Your objective: Which of the lines in the records below hold the string "prems"? Copy every one of them.

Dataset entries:
lemma path_sum_eq_propagate:
  assumes "n \<le> length x"
  shows "(\<Sum>r\<in>PiE {0..n} (\<lambda>_. {1..s}). p0 (r 0) * (\<Prod>i\<in>{1..n}. p (x ! (i - 1)) (r i) (r (i - 1))) * g (r n))
       = (\<Sum>t\<in>{1..s}. propagate p0 (take n x) t * g t)"
  using assms
proof (induction n arbitrary: g)
  case 0
  have "{0..0::nat} = insert 0 {}" by simp
  then show ?case by (simp only:) (subst sum_PiE_insert; simp)
next
  case (Suc n)
  let ?W = "\<lambda>r. p0 (r 0) * (\<Prod>i\<in>{1..n}. p (x ! (i - 1)) (r i) (r (i - 1)))"
  have n: "n < length x" using Suc.prems by simp
  have last_factor: "(\<Prod>i\<in>{1..Suc n}. p (x ! (i - 1)) ((r(Suc n := y)) i) ((r(Suc n := y)) (i - 1)))
      = (\<Prod>i\<in>{1..n}. p (x ! (i - 1)) (r i) (r (i - 1))) * p (x ! n) y (r n)" for r y
  proof -
    have "(\<Prod>i\<in>{1..n}. p (x ! (i - 1)) ((r(Suc n := y)) i) ((r(Suc n := y)) (i - 1)))
        = (\<Prod>i\<in>{1..n}. p (x ! (i - 1)) (r i) (r (i - 1)))"
      by (rule prod.cong) auto
    then show ?thesis by (simp add: prod.cl_ivl_Suc)
  qed
  have "{0..Suc n} = insert (Suc n) {0..n}" by auto
  then have "(\<Sum>r\<in>PiE {0..Suc n} (\<lambda>_. {1..s}). p0 (r 0) * (\<Prod>i\<in>{1..Suc n}. p (x ! (i - 1)) (r i) (r (i - 1))) * g (r (Suc n)))
      = (\<Sum>y\<in>{1..s}. \<Sum>r\<in>PiE {0..n} (\<lambda>_. {1..s}). p0 ((r(Suc n := y)) 0)
          * (\<Prod>i\<in>{1..Suc n}. p (x ! (i - 1)) ((r(Suc n := y)) i) ((r(Suc n := y)) (i - 1)))
          * g ((r(Suc n := y)) (Suc n)))"
    by (simp only:) (rule sum_PiE_insert; simp)
  also have "\<dots> = (\<Sum>y\<in>{1..s}. \<Sum>r\<in>PiE {0..n} (\<lambda>_. {1..s}). ?W r * p (x ! n) y (r n) * g y)"
    by (simp only: last_factor fun_upd_same fun_upd_other Zero_not_Suc not_False_eq_True mult.assoc)
  also have "\<dots> = (\<Sum>r\<in>PiE {0..n} (\<lambda>_. {1..s}). ?W r * (\<Sum>y\<in>{1..s}. p (x ! n) y (r n) * g y))"
    by (subst sum.swap) (simp add: sum_distrib_left mult.assoc)
  also have "\<dots> = (\<Sum>t\<in>{1..s}. propagate p0 (take n x) t * (\<Sum>y\<in>{1..s}. p (x ! n) y t * g y))"
    using Suc.IH[of "\<lambda>t. \<Sum>y\<in>{1..s}. p (x ! n) y t * g y"] n by simp
  also have "\<dots> = (\<Sum>y\<in>{1..s}. step (propagate p0 (take n x)) (x ! n) y * g y)"
    unfolding step_def by (simp add: sum_distrib_left sum_distrib_right mult.assoc) (rule sum.swap)
  also have "\<dots> = (\<Sum>y\<in>{1..s}. propagate p0 (take (Suc n) x) y * g y)"
    using n by (simp add: take_Suc_conv_app_nth propagate_append)
  finally show ?case .
qed

lemma mu_eq_mass_propagate: "mu s p0 p x = mass (propagate p0 x)"
  using path_sum_eq_propagate[of "length x" x p0 "\<lambda>_. 1"] unfolding mu_def mass_def by simp

end

lemma finite_state_kernel_source: "is_source s p0 p \<Longrightarrow> finite_state_kernel s p"
  unfolding is_source_def by unfold_locales auto

lemma mu_le_prod_segments:
  assumes "is_source s p0 p" "disjoint_segments (length x) I"
  shows "mu s p0 p x \<le> (\<Prod>(a, L)\<in>I. finite_state_kernel.start_sum s p (take L (drop a x)))"
proof -
  interpret finite_state_kernel s p by (rule finite_state_kernel_source[OF assms(1)])
  have "nonneg p0" "mass p0 = 1" using assms(1) unfolding is_source_def nonneg_def mass_def by auto
  then show ?thesis
    using mass_propagate_le_prod_segments[OF \<open>nonneg p0\<close> assms(2)] by (simp add: mu_eq_mass_propagate)
qed

section \<open>Powers of words\<close>

lemma length_rep [simp]: "length (rep j y) = j * length y"
  unfolding rep_def by (induction j) auto

lemma rep_add: "rep (i + j) y = rep i y @ rep j y"
  unfolding rep_def by (simp add: replicate_add)

lemma rep_Suc_0 [simp]: "rep (Suc 0) y = y"
  unfolding rep_def by auto

lemma rep_pow2_Suc: "rep (2 ^ Suc a) y = rep (2 ^ a) y @ rep (2 ^ a) y"
  by (simp add: rep_add[symmetric] mult_2)

definition not_square :: "'a list \<Rightarrow> bool" where
  "not_square w \<longleftrightarrow> length w = 1 \<or> take (length w div 2) w \<noteq> drop (length w div 2) w"

lemma not_square_double: "r \<noteq> [] \<Longrightarrow> \<not> not_square (r @ r)"
  unfolding not_square_def by (cases r) auto

lemma double_inj: "xs @ xs = ys @ ys \<Longrightarrow> xs = ys"
proof -
  assume h: "xs @ xs = ys @ ys"
  have "length xs = length ys" using arg_cong[OF h, of length] by simp
  then show ?thesis using h by simp
qed

lemma rep_pow2_Suc_square:
  assumes "w \<noteq> []" shows "\<not> not_square (rep (2 ^ Suc b) w)"
proof -
  have "rep (2 ^ b) w \<noteq> []" using assms unfolding rep_def by simp
  then show ?thesis unfolding rep_pow2_Suc by (rule not_square_double)
qed

lemma rep_pow2_inj:
  assumes "rep (2 ^ a) w = rep (2 ^ b) w'" "not_square w" "not_square w'" "w \<noteq> []" "w' \<noteq> []"
  shows "w = w' \<and> a = b"
  using assms
proof (induction a arbitrary: b)
  case 0
  then show ?case using rep_pow2_Suc_square[of w'] by (cases b) auto
next
  case (Suc a)
  show ?case
  proof (cases b)
    case 0
    then show ?thesis using Suc.prems rep_pow2_Suc_square[of w a] by auto
  next
    case (Suc b')
    have "rep (2 ^ a) w @ rep (2 ^ a) w = rep (2 ^ b') w' @ rep (2 ^ b') w'"
      using Suc.prems(1) unfolding Suc rep_pow2_Suc .
    then have "rep (2 ^ a) w = rep (2 ^ b') w'" by (rule double_inj)
    then show ?thesis using Suc.IH[of b'] Suc.prems Suc by simp
  qed
qed

text \<open>Like \<^const>\<open>remdups\<close>, it keeps the last element of each class of equal \<open>f\<close>-values.\<close>

fun remdups_by :: "('a \<Rightarrow> 'b) \<Rightarrow> 'a list \<Rightarrow> 'a list" where
  "remdups_by f [] = []"
| "remdups_by f (a # l) = (if f a \<in> f ` set l then remdups_by f l else a # remdups_by f l)"

lemma map_remdups_by: "map f (remdups_by f l) = remdups (map f l)"
  by (induction l) auto

lemma set_remdups_by: "set (remdups_by f l) \<subseteq> set l"
  by (induction l) auto

lemma sorted_wrt_remdups_by: "sorted_wrt R l \<Longrightarrow> sorted_wrt R (remdups_by f l)"
  by (induction l) (use set_remdups_by in fastforce)+

lemma distinct_remdups_by: "distinct l \<Longrightarrow> distinct (remdups_by f l)"
  by (induction l) (use set_remdups_by in fastforce)+

lemma sum_list_map_eq_sum_of_count:
  fixes f :: "'a \<Rightarrow> 'b :: semiring_1"
  shows "sum_list (map f xs) = (\<Sum>y\<in>set xs. of_nat (count_list xs y) * f y)"
proof (induction xs)
  case (Cons x xs)
  show ?case
  proof (cases "x \<in> set xs")
    case True
    have "(\<Sum>y\<in>set (x # xs). of_nat (count_list (x # xs) y) * f y)
        = (\<Sum>y\<in>set xs. of_nat (count_list xs y) * f y + (if y = x then f y else 0))"
      using True by (intro sum.cong) (auto simp: algebra_simps)
    also have "\<dots> = (\<Sum>y\<in>set xs. of_nat (count_list xs y) * f y) + f x"
      using True by (simp add: sum.distrib sum.delta')
    finally show ?thesis using Cons by (simp add: add.commute)
  next
    case False
    have "(\<Sum>y\<in>set xs. of_nat (count_list (x # xs) y) * f y) = (\<Sum>y\<in>set xs. of_nat (count_list xs y) * f y)"
      using False by (intro sum.cong) auto
    then show ?thesis using Cons False by simp
  qed
qed simp

section \<open>Leveled graphs and the map \<^const>\<open>phi\<close>\<close>

locale leveled_graph =
  fixes G :: graph
  assumes in_calG: "in_calG G"
begin

abbreviation leaf_level :: nat where
  "leaf_level \<equiv> lev G (term0 G)"

lemma finite_verts: "finite (verts G)"
  and root_in_verts: "root G \<in> verts G"
  and term0_neq_term1: "term0 G \<noteq> term1 G"
  and root_neq_term0: "root G \<noteq> term0 G"
  and root_neq_term1: "root G \<noteq> term1 G"
  and lev_root: "lev G (root G) = 1"
  and lev_term1: "lev G (term1 G) = leaf_level"
  using in_calG unfolding in_calG_def by simp_all

lemma succ_in_verts: "v \<in> nonterms G \<Longrightarrow> succ0 G v \<in> verts G \<and> succ1 G v \<in> verts G \<and> succ0 G v \<noteq> succ1 G v"
  and lev_less_succ: "v \<in> nonterms G \<Longrightarrow> lev G v < lev G (succ0 G v) \<and> lev G v < lev G (succ1 G v)"
  using in_calG unfolding in_calG_def by blast+

lemma nonterms_iff: "v \<in> nonterms G \<longleftrightarrow> v \<in> verts G \<and> v \<noteq> term0 G \<and> v \<noteq> term1 G"
  unfolding nonterms_def by auto

lemma root_in_nonterms: "root G \<in> nonterms G"
  using root_in_verts root_neq_term0 root_neq_term1 nonterms_iff by auto

lemma lev_le_leaf_level:
  assumes "v \<in> verts G" shows "lev G v \<le> leaf_level"
proof -
  let ?S = "lev G ` verts G"
  have fin: "finite ?S" using finite_verts by simp
  obtain w where w: "w \<in> verts G" "lev G w = Max ?S"
    using Max_in[OF fin] root_in_verts by force
  have "w \<notin> nonterms G"
  proof
    assume "w \<in> nonterms G"
    then have "succ0 G w \<in> verts G" "lev G w < lev G (succ0 G w)"
      using succ_in_verts lev_less_succ by auto
    then show False using w Max_ge[OF fin] by force
  qed
  then have "lev G w = leaf_level" using w(1) nonterms_iff lev_term1 by auto
  then show ?thesis using Max_ge[OF fin] assms w by force
qed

Task answer:
  have n: "n < length x" using Suc.prems by simp
    then show ?thesis using Suc.prems rep_pow2_Suc_square[of w a] by auto
      using Suc.prems(1) unfolding Suc rep_pow2_Suc .
    then show ?thesis using Suc.IH[of b'] Suc.prems Suc by simp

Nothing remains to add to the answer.